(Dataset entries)
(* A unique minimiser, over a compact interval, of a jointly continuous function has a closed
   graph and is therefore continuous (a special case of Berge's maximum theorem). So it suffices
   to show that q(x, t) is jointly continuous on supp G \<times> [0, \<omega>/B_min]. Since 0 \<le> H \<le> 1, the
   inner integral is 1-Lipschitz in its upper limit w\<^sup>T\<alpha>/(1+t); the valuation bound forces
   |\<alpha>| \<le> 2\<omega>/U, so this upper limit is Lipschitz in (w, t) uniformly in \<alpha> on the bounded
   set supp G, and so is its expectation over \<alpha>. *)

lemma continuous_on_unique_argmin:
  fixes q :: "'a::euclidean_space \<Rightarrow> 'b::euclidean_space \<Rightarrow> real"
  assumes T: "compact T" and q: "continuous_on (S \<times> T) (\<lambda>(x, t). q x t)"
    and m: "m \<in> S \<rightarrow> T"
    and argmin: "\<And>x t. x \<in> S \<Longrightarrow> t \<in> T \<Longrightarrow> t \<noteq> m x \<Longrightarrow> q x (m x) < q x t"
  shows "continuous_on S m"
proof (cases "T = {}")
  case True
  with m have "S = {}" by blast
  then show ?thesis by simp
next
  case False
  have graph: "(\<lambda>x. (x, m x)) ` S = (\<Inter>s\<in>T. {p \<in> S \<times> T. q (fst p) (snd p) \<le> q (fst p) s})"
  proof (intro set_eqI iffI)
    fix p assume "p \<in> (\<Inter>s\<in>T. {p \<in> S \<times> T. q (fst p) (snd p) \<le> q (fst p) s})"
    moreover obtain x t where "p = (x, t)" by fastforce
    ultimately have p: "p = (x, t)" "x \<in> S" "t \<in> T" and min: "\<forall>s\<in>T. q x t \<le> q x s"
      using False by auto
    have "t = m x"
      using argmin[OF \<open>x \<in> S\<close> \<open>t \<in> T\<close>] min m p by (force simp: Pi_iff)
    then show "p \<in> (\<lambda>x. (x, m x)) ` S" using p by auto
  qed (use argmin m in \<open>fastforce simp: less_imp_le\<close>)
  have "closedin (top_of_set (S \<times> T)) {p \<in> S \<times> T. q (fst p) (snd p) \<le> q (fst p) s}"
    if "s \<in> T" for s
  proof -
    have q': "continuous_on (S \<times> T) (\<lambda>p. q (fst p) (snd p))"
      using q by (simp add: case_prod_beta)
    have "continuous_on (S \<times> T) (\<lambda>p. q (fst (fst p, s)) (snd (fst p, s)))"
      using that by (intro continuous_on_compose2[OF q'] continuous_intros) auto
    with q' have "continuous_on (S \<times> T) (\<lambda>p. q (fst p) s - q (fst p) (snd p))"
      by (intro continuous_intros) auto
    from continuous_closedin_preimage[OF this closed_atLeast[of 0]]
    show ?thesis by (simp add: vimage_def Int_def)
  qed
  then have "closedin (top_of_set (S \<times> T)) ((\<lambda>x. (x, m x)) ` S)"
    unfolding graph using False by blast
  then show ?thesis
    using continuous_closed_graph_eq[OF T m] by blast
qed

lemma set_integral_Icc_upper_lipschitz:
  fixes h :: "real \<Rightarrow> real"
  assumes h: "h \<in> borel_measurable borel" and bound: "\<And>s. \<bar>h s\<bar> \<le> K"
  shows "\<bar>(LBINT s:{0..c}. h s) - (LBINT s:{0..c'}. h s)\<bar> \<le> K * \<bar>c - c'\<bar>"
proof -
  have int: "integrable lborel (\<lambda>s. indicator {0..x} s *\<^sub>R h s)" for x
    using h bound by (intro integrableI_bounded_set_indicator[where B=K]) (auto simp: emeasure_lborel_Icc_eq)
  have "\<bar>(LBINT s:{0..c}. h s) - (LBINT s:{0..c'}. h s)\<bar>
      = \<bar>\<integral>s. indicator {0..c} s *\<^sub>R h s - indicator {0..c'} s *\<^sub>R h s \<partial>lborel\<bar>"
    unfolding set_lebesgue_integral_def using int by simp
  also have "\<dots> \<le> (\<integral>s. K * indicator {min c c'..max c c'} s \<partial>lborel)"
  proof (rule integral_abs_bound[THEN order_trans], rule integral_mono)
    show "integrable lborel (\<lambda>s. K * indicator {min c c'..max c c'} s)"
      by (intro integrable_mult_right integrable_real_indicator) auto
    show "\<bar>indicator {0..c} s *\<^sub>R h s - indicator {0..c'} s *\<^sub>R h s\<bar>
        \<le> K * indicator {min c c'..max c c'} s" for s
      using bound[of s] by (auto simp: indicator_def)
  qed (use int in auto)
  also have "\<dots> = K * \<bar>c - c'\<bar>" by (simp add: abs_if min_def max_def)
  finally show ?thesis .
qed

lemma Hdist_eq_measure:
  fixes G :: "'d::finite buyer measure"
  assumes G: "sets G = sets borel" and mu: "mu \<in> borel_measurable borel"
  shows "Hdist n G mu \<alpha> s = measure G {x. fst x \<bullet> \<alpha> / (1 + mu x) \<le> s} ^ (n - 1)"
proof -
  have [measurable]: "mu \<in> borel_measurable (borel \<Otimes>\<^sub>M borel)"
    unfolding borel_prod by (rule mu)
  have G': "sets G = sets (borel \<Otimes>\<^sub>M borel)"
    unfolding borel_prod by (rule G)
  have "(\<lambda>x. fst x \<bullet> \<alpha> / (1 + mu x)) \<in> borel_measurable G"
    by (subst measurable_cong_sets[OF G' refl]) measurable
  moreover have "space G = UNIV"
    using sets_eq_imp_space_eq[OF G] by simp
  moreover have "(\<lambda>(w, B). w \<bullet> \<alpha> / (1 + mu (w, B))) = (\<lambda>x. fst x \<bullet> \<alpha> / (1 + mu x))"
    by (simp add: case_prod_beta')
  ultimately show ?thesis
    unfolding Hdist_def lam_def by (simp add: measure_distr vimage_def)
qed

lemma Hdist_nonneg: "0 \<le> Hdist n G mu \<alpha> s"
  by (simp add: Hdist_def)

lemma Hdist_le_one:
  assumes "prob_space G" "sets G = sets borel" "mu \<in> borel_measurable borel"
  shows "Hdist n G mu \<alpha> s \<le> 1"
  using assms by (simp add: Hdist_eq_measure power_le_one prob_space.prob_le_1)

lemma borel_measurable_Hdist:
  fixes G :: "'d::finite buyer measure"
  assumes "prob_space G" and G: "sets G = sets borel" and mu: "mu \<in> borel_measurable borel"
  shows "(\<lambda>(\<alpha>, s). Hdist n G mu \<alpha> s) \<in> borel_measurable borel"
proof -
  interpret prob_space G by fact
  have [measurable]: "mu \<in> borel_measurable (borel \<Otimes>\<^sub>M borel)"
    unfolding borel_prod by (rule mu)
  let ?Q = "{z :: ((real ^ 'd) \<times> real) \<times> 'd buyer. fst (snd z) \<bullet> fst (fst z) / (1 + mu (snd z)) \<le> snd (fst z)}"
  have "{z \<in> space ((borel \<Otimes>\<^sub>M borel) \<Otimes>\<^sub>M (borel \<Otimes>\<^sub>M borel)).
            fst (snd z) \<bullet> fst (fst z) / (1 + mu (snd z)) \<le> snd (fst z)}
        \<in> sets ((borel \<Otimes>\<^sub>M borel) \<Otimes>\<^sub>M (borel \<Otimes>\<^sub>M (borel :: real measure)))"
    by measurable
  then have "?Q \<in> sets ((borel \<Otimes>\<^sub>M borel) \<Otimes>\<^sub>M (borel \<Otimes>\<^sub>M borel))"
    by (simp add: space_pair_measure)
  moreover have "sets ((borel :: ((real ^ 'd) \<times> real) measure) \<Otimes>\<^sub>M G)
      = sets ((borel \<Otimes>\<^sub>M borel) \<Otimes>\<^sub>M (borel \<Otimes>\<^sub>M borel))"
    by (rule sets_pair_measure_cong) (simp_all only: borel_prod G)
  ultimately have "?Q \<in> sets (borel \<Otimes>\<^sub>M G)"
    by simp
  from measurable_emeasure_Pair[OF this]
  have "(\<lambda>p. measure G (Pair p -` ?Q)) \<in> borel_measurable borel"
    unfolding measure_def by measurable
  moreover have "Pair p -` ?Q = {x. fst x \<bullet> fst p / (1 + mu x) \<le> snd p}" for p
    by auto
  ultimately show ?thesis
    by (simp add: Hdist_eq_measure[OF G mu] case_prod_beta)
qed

Exercise details:
Return nothing but the lines from the top of the records above through the line that has "to show that". Keep each one exact.

Response area:
(* A unique minimiser, over a compact interval, of a jointly continuous function has a closed
   graph and is therefore continuous (a special case of Berge's maximum theorem). So it suffices
   to show that q(x, t) is jointly continuous on supp G \<times> [0, \<omega>/B_min]. Since 0 \<le> H \<le> 1, the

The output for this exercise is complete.